Mary Jo: So the pick is from stone brewing in California. And they have something they call the Japanese Green Tea IPA. It’s 10.1%. It is not a light beer. Even though it’s an IPA.

Leo: It’s not seasonable.

Mary Jo: It’s not seasonable.

Leo: But drink more because it’s good for you.

Mary Jo: It tastes really good. You can taste that little hint of green tea at the end. It’s a little flowery like green tea.

Leo: I love green tea, I love it.

Mary Jo: Yep. It’s not a beer where when you drink it you say, wow it tastes like a cup of tea. Not like that but there’s just the influence of tea that makes it very nice.

Leo: Huh. It’s Japanese green tea IPA from Stone Brewing Company.

Mary Jo: Yes.

Leo: And with that, we’re going to be beat a path to rattle and hum, and conclude this edition of Windows Weekly. Daniel, thank you so much for filling in for Paul, who is playing hooky in a warm time.

Mary Jo: Thanks again.

Daniel: I appreciate it.

Leo: Everybody should absolutely go to WindowsCentral.com, and follow Daniel on twitter @Daniel_Rubino and you will keep up on all of this stuff. It’s a great site.

Daniel: Thank you.

Leo: So you were only Windows phone before, and now you’re everything. Is that really what happened, or?

Daniel: Yeah, you know it was a combination of… basically if you owned a Windows phone you’d very likely own a surface or windows… so we start expanding naturally and especially with Xbox, but then coincidently it went with Microsoft unifying their operating system, so…

Leo: Makes sense right?

Daniel: yeah, exactly so you can’t have one without the other anymore.

Leo: I think that’s great. And I have to say I am very tempted to put windows 10 on my XPS 13.

Daniel: It does run pretty well on laptops.

Leo: I’m this close. Mostly because I just hate Windows 8.1

Mary Jo: It’s better than windows 8.

Daniel: True. It is better than Windows 8.

Leo: It is much better than Windows 8, I’ll grant you that. That’s not saying a heck of a whole lot. And I like 10, I’ve been running it in a virtual machine and actually I like it a lot.

Daniel: It’s Cortana so.

Leo: I know, I love the Cortana. And it seems like it’s reliable. It seems like it’s almost production ready. I know it’s very early but…

Daniel: My phone just awoke when I said Cortana.

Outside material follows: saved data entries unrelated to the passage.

(* Drift-less setting with target $\rho_d=|\Psi\rangle\langle\Psi|$. Let $D_k=D_{\mathcal N_k}\otimes I_{\bar{\mathcal N}_k}$ be QL operators with $D_k|\Psi\rangle=0$ such that $\mathfrak D(\mathcal H_0)$ is globally asymptotically stable for $\mathcal L_D=\mathcal L(0,\{D_k\})$ (every trajectory $e^{\mathcal L_Dt}(\rho_0)$, $\rho_0\in\mathfrak D(\mathcal H)$, converges to the set $\mathfrak D(\mathcal H_0)$). Let $\mathcal H'$ be a subspace with $\mathcal H_d\subseteq\mathcal H'\subseteq\mathcal H\ominus\mathcal H_w$ such that $\mathfrak D(\mathcal H')$ is invariant under $e^{\mathcal L_Dt}$ for all $t\ge0$. Then $\rho_d$ is conditionally asymptotically stable relative to $\mathcal H'$ for $\mathcal L_D$, i.e. $\rho_d$ is $\mathcal H'$-DQLS.
   Context: $\mathcal H=\bigotimes_{a=1}^n\mathcal H_a$ finite-dimensional; neighborhoods $\mathcal N_k\subsetneq\{1,\dots,n\}$; QL operators have the form $X\otimes I_{\bar{\mathcal N}_k}$. $\mathfrak D(\mathcal K)$: density operators supported in $\mathcal K$. $\mathcal L(0,\{D_k\})(\rho)=\sum_k(D_k\rho D_k^\dagger-\frac12\{D_k^\dagger D_k,\rho\})$. $\mathcal H_d=\mathrm{span}\{|\Psi\rangle\}$; $\rho_{\mathcal N_k}=\mathrm{Tr}_{\bar{\mathcal N}_k}\rho_d$; $\mathcal H_0=\bigcap_k\mathrm{supp}(\rho_{\mathcal N_k}\otimes I_{\bar{\mathcal N}_k})$; $\mathcal H_w=\mathcal H_0\ominus\mathcal H_d$. Conditional asymptotic stability relative to $\mathcal H'$: $e^{\mathcal L_Dt}(\rho_0)\to\rho_d$ for all $\rho_0\in\mathfrak D(\mathcal H')$. *)

theory Defs
  imports "HOL-Analysis.Analysis" "Jordan_Normal_Form.Matrix"
begin

text \<open>The system consists of n subsystems indexed 0..<n, subsystem a having dimension d a. A basis index j < N is identified with the
  multi-index of its mixed-radix digits (digit a is the basis label of subsystem a).\<close>

definition tdim :: "nat \<Rightarrow> (nat \<Rightarrow> nat) \<Rightarrow> nat" where
  "tdim n d = (\<Prod>a<n. d a)"

definition digit :: "(nat \<Rightarrow> nat) \<Rightarrow> nat \<Rightarrow> nat \<Rightarrow> nat" where
  "digit d a j = (j div (\<Prod>b<a. d b)) mod d a"

definition combine :: "nat \<Rightarrow> (nat \<Rightarrow> nat) \<Rightarrow> nat set \<Rightarrow> nat \<Rightarrow> nat \<Rightarrow> nat" where
  "combine n d S i j = (\<Sum>a<n. (if a \<in> S then digit d a i else digit d a j) * (\<Prod>b<a. d b))"

definition restr :: "(nat \<Rightarrow> nat) \<Rightarrow> nat set \<Rightarrow> nat \<Rightarrow> (nat \<Rightarrow> nat)" where
  "restr d S i = (\<lambda>a. if a \<in> S then digit d a i else 0)"

text \<open>Quasi-local operator: of the form X \<otimes> I on the complement of the neighborhood S.\<close>
definition is_QL :: "nat \<Rightarrow> (nat \<Rightarrow> nat) \<Rightarrow> nat set \<Rightarrow> complex mat \<Rightarrow> bool" where
  "is_QL n d S M \<longleftrightarrow> M \<in> carrier_mat (tdim n d) (tdim n d) \<and>
     (\<exists>X :: (nat \<Rightarrow> nat) \<Rightarrow> (nat \<Rightarrow> nat) \<Rightarrow> complex.
        \<forall>i < tdim n d. \<forall>j < tdim n d.
          M $$ (i, j) = (if (\<forall>a<n. a \<notin> S \<longrightarrow> digit d a i = digit d a j)
                         then X (restr d S i) (restr d S j) else 0))"

text \<open>Reduced state on S, tensored with the identity on the complement:
  (Tr_{complement of S} rho) \<otimes> I.\<close>
definition red_ext :: "nat \<Rightarrow> (nat \<Rightarrow> nat) \<Rightarrow> nat set \<Rightarrow> complex mat \<Rightarrow> complex mat" where
  "red_ext n d S \<rho> = mat (tdim n d) (tdim n d) (\<lambda>(i, j).
     if (\<forall>a<n. a \<notin> S \<longrightarrow> digit d a i = digit d a j)
     then (\<Sum>l \<in> {l. l < tdim n d \<and> (\<forall>a<n. a \<in> S \<longrightarrow> digit d a l = 0)}.
             \<rho> $$ (combine n d S i l, combine n d S j l))
     else 0)"

definition dag :: "complex mat \<Rightarrow> complex mat" where
  "dag A = mat (dim_col A) (dim_row A) (\<lambda>(i, j). cnj (A $$ (j, i)))"

definition ip :: "complex vec \<Rightarrow> complex vec \<Rightarrow> complex" where
  "ip v w = (\<Sum>i<dim_vec v. cnj (v $ i) * w $ i)"

definition ket_bra :: "complex vec \<Rightarrow> complex mat" where
  "ket_bra v = mat (dim_vec v) (dim_vec v) (\<lambda>(i, j). v $ i * cnj (v $ j))"

definition is_subspace :: "nat \<Rightarrow> complex vec set \<Rightarrow> bool" where
  "is_subspace N V \<longleftrightarrow> V \<subseteq> carrier_vec N \<and> 0\<^sub>v N \<in> V \<and>
     (\<forall>v\<in>V. \<forall>w\<in>V. v + w \<in> V) \<and> (\<forall>c. \<forall>v\<in>V. c \<cdot>\<^sub>v v \<in> V)"

definition supp :: "nat \<Rightarrow> complex mat \<Rightarrow> complex vec set" where
  "supp N A = {A *\<^sub>v x | x. x \<in> carrier_vec N}"

definition ortho_compl :: "nat \<Rightarrow> complex vec set \<Rightarrow> complex vec set" where
  "ortho_compl N V = {v \<in> carrier_vec N. \<forall>w\<in>V. ip w v = 0}"

definition density_ops :: "nat \<Rightarrow> complex vec set \<Rightarrow> complex mat set" where
  "density_ops N K = {\<rho> \<in> carrier_mat N N. dag \<rho> = \<rho> \<and>
      (\<forall>v \<in> carrier_vec N. 0 \<le> Re (ip v (\<rho> *\<^sub>v v))) \<and>
      (\<Sum>i<N. \<rho> $$ (i, i)) = 1 \<and> supp N \<rho> \<subseteq> K}"

definition lindblad :: "nat \<Rightarrow> nat \<Rightarrow> (nat \<Rightarrow> complex mat) \<Rightarrow> complex mat \<Rightarrow> complex mat" where
  "lindblad N m D \<rho> = mat N N (\<lambda>(i, j). \<Sum>k<m.
     (D k * \<rho> * dag (D k)
      - (1/2 :: complex) \<cdot>\<^sub>m (dag (D k) * D k * \<rho> + \<rho> * (dag (D k) * D k))) $$ (i, j))"

definition evol :: "nat \<Rightarrow> (complex mat \<Rightarrow> complex mat) \<Rightarrow> real \<Rightarrow> complex mat \<Rightarrow> complex mat" where
  "evol N L t \<rho> = mat N N (\<lambda>(i, j).
     \<Sum>k. (complex_of_real (t ^ k / fact k)) * ((L ^^ k) \<rho>) $$ (i, j))"

text \<open>Convergence of matrices (entrywise; all norms are equivalent in finite dimension).\<close>
definition mat_tendsto :: "nat \<Rightarrow> (real \<Rightarrow> complex mat) \<Rightarrow> complex mat \<Rightarrow> bool" where
  "mat_tendsto N f A \<longleftrightarrow> (\<forall>i<N. \<forall>j<N. ((\<lambda>t. f t $$ (i, j)) \<longlongrightarrow> A $$ (i, j)) at_top)"

definition mat_tendsto_set :: "nat \<Rightarrow> (real \<Rightarrow> complex mat) \<Rightarrow> complex mat set \<Rightarrow> bool" where
  "mat_tendsto_set N f S \<longleftrightarrow> (\<forall>e>0. \<exists>T. \<forall>t\<ge>T. \<exists>\<sigma>\<in>S.
      \<forall>i<N. \<forall>j<N. cmod (f t $$ (i, j) - \<sigma> $$ (i, j)) < e)"

definition Hd :: "complex vec \<Rightarrow> complex vec set" where
  "Hd \<Psi> = {c \<cdot>\<^sub>v \<Psi> | c. True}"

definition H0 :: "nat \<Rightarrow> (nat \<Rightarrow> nat) \<Rightarrow> nat \<Rightarrow> (nat \<Rightarrow> nat set) \<Rightarrow> complex vec \<Rightarrow> complex vec set" where
  "H0 n d m Nb \<Psi> = carrier_vec (tdim n d) \<inter>
     (\<Inter>k\<in>{..<m}. supp (tdim n d) (red_ext n d (Nb k) (ket_bra \<Psi>)))"

definition Hw :: "nat \<Rightarrow> (nat \<Rightarrow> nat) \<Rightarrow> nat \<Rightarrow> (nat \<Rightarrow> nat set) \<Rightarrow> complex vec \<Rightarrow> complex vec set" where
  "Hw n d m Nb \<Psi> = H0 n d m Nb \<Psi> \<inter> ortho_compl (tdim n d) (Hd \<Psi>)"

definition cond_asym_stable :: "nat \<Rightarrow> (complex mat \<Rightarrow> complex mat) \<Rightarrow> complex mat \<Rightarrow> complex vec set \<Rightarrow> bool" where
  "cond_asym_stable N L \<rho>d H' \<longleftrightarrow>
     (\<forall>\<rho>0 \<in> density_ops N H'. mat_tendsto N (\<lambda>t. evol N L t \<rho>0) \<rho>d)"

end

theory Submission
  imports Defs
begin

text \<open>Every D k annihilates \<Psi>, so the target \<rho>d = |\<Psi>\<rangle>\<langle>\<Psi>| is stationary; by global
  attractivity it is therefore a limit of states supported in H0, and H0 contains vectors
  arbitrarily close to \<Psi>. A state \<rho> supported in H', which is orthogonal to
  Hw = H0 \<inter> {\<Psi>}\<bottom>, annihilates Hw and hence acts on H0 as u \<mapsto> \<langle>\<Psi>,u\<rangle> \<rho>\<Psi>.

  Along a trajectory started in D(H') the state \<rho>(t) stays in D(H') and comes close to
  states \<sigma>(t) supported in H0. Then \<rho>(t)\<sigma>(t) = \<rho>(t)\<Psi> \<langle>\<Psi>|\<sigma>(t), and comparing this with
  \<rho>(t) \<rho>(t) shows that the Hilbert-Schmidt norm of (I - |\<Psi>\<rangle>\<langle>\<Psi>|) \<rho>(t) tends to 0.
  Together with tr \<rho>(t) = 1 this forces \<rho>(t) \<rightarrow> |\<Psi>\<rangle>\<langle>\<Psi>|.\<close>

unbundle no vec_syntax

lemma mult_mat_vec_nth_sum:
  "A \<in> carrier_mat N N \<Longrightarrow> v \<in> carrier_vec N \<Longrightarrow> i < N \<Longrightarrow>
   (A *\<^sub>v v) $ i = (\<Sum>l<N. A $$ (i,l) * v $ l)"
  by (auto simp: scalar_prod_def row_def atLeast0LessThan intro!: sum.cong)

lemma mult_mat_nth_sum:
  assumes "A \<in> carrier_mat N N" "B \<in> carrier_mat N N" "i < N" "j < N"
  shows "(A * B) $$ (i,j) = (\<Sum>l<N. A $$ (i,l) * B $$ (l,j))"
  using assms by (auto simp: scalar_prod_def row_def col_def atLeast0LessThan intro!: sum.cong)

lemma mult_mat_unit_vec_nth:
  fixes A :: "complex mat"
  assumes "A \<in> carrier_mat N N" "i < N" "k < N"
  shows "(A *\<^sub>v unit_vec N i) $ k = A $$ (k, i)"
  using assms
  by (simp add: mult_mat_vec_nth_sum if_distrib sum.delta cong: if_cong del: index_mult_mat_vec)

lemma mult_mat_vec_lincomb_nth:
  fixes A :: "complex mat"
  assumes "A \<in> carrier_mat N N" "u \<in> carrier_vec N" "y \<in> carrier_vec N" "i < N"
  shows "(A *\<^sub>v (a \<cdot>\<^sub>v u + b \<cdot>\<^sub>v y)) $ i = a * (A *\<^sub>v u) $ i + b * (A *\<^sub>v y) $ i"
proof -
  have "A *\<^sub>v (a \<cdot>\<^sub>v u + b \<cdot>\<^sub>v y) = a \<cdot>\<^sub>v (A *\<^sub>v u) + b \<cdot>\<^sub>v (A *\<^sub>v y)"
    using assms mult_mat_vec[OF assms(1) assms(2)] mult_mat_vec[OF assms(1) assms(3)]
    by (simp add: mult_add_distrib_mat_vec)
  then show ?thesis using assms by simp
qed

lemma dag_carrier: "A \<in> carrier_mat N N \<Longrightarrow> dag A \<in> carrier_mat N N"
  by (simp add: dag_def)

lemma hermitian_cnj_entry:
  assumes "dag A = A" "A \<in> carrier_mat N N" "i < N" "j < N"
  shows "cnj (A $$ (i,j)) = A $$ (j,i)"
proof -
  have "dag A $$ (j,i) = cnj (A $$ (i,j))" using assms(2-4) by (simp add: dag_def)
  then show ?thesis using assms(1) by simp
qed

lemma cnj_mult_self: "cnj z * z = complex_of_real ((cmod z)\<^sup>2)"
  by (subst mult.commute) (rule complex_norm_square[symmetric])

lemma ip_cnj_swap:
  assumes "v \<in> carrier_vec N" "w \<in> carrier_vec N"
  shows "ip v w = cnj (ip w v)"
  unfolding ip_def using assms by (simp add: cnj_sum mult.commute)

lemma ip_lincomb_right:
  assumes "w \<in> carrier_vec N" "u \<in> carrier_vec N" "y \<in> carrier_vec N"
  shows "ip w (a \<cdot>\<^sub>v u + b \<cdot>\<^sub>v y) = a * ip w u + b * ip w y"
  unfolding ip_def using assms by (simp add: sum.distrib sum_distrib_left algebra_simps)

lemma ip_smult_left:
  assumes "v \<in> carrier_vec N" "w \<in> carrier_vec N"
  shows "ip (c \<cdot>\<^sub>v v) w = cnj c * ip v w"
  unfolding ip_def using assms by (simp add: sum_distrib_left mult.assoc)

lemma ip_unit_vec:
  assumes "w \<in> carrier_vec N" "i < N"
  shows "ip (unit_vec N i) w = w $ i"
proof -
  have "ip (unit_vec N i) w = (\<Sum>k<N. if k = i then w $ k else 0)"
    unfolding ip_def using assms by (intro sum.cong) auto
  then show ?thesis using assms by simp
qed

lemma ip_unit_vec_add:
  assumes "w \<in> carrier_vec N" "i < N" "j < N" "i \<noteq> j"
  shows "ip (unit_vec N i + b \<cdot>\<^sub>v unit_vec N j) w = w $ i + cnj b * w $ j"
proof -
  have "ip (unit_vec N i + b \<cdot>\<^sub>v unit_vec N j) w
     = (\<Sum>k<N. (if k = i then w $ k else 0) + (if k = j then cnj b * w $ k else 0))"
    unfolding ip_def using assms by (intro sum.cong) (auto simp: distrib_right)
  also have "\<dots> = w $ i + cnj b * w $ j" using assms by (simp add: sum.distrib)
  finally show ?thesis .
qed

Leo: Yes Daniel? I’ve been waiting for you to call me. Hello? Hi Daniel. I want her! Mary Jo Foley all about Mircrosoft.com. That’s the place to go for all your Microsoft coverage. We’ve got the best team, I’ll tell you. We got a deep bench. Thank you Daniel. Now is Paul going to be back next week, he’s probably still going to be there.

Mary Jo: He is, he’ll be back.

Leo: One week he goes?

Mary Jo: School vacation.

Leo: Oh school. I’d move there. I love Puerto Rico.

Mary Jo: I like it too.

Leo: It’s a great place to go. Alright, well thank you Daniel. Thank you Mary Jo. Thank you all for watching. We do this show 11 AM pacific, 2 PM eastern time, 1900 UTC every Wednesday on TIWT.tv. You can watch live or get on demand versions after the fact, at Twit.tv/ww, or subscribe in the zoom market place, I’m sorry Xbox market place or wherever it is you get your podcasts. We do have an excellent windows phone, a couple of excellent windows phone apps. Thanks to our independent developers Demetri Allen. Demetri, you want to go to Build, maybe get making universal app, maybe. Just thinking, I’m just thinking. Also an IOS and Android and anywhere. Roku, and anywhere you get your podcasts. Thank you for joining us, we’ll see you next Wednesday on Windows Weekly! Bye, bye.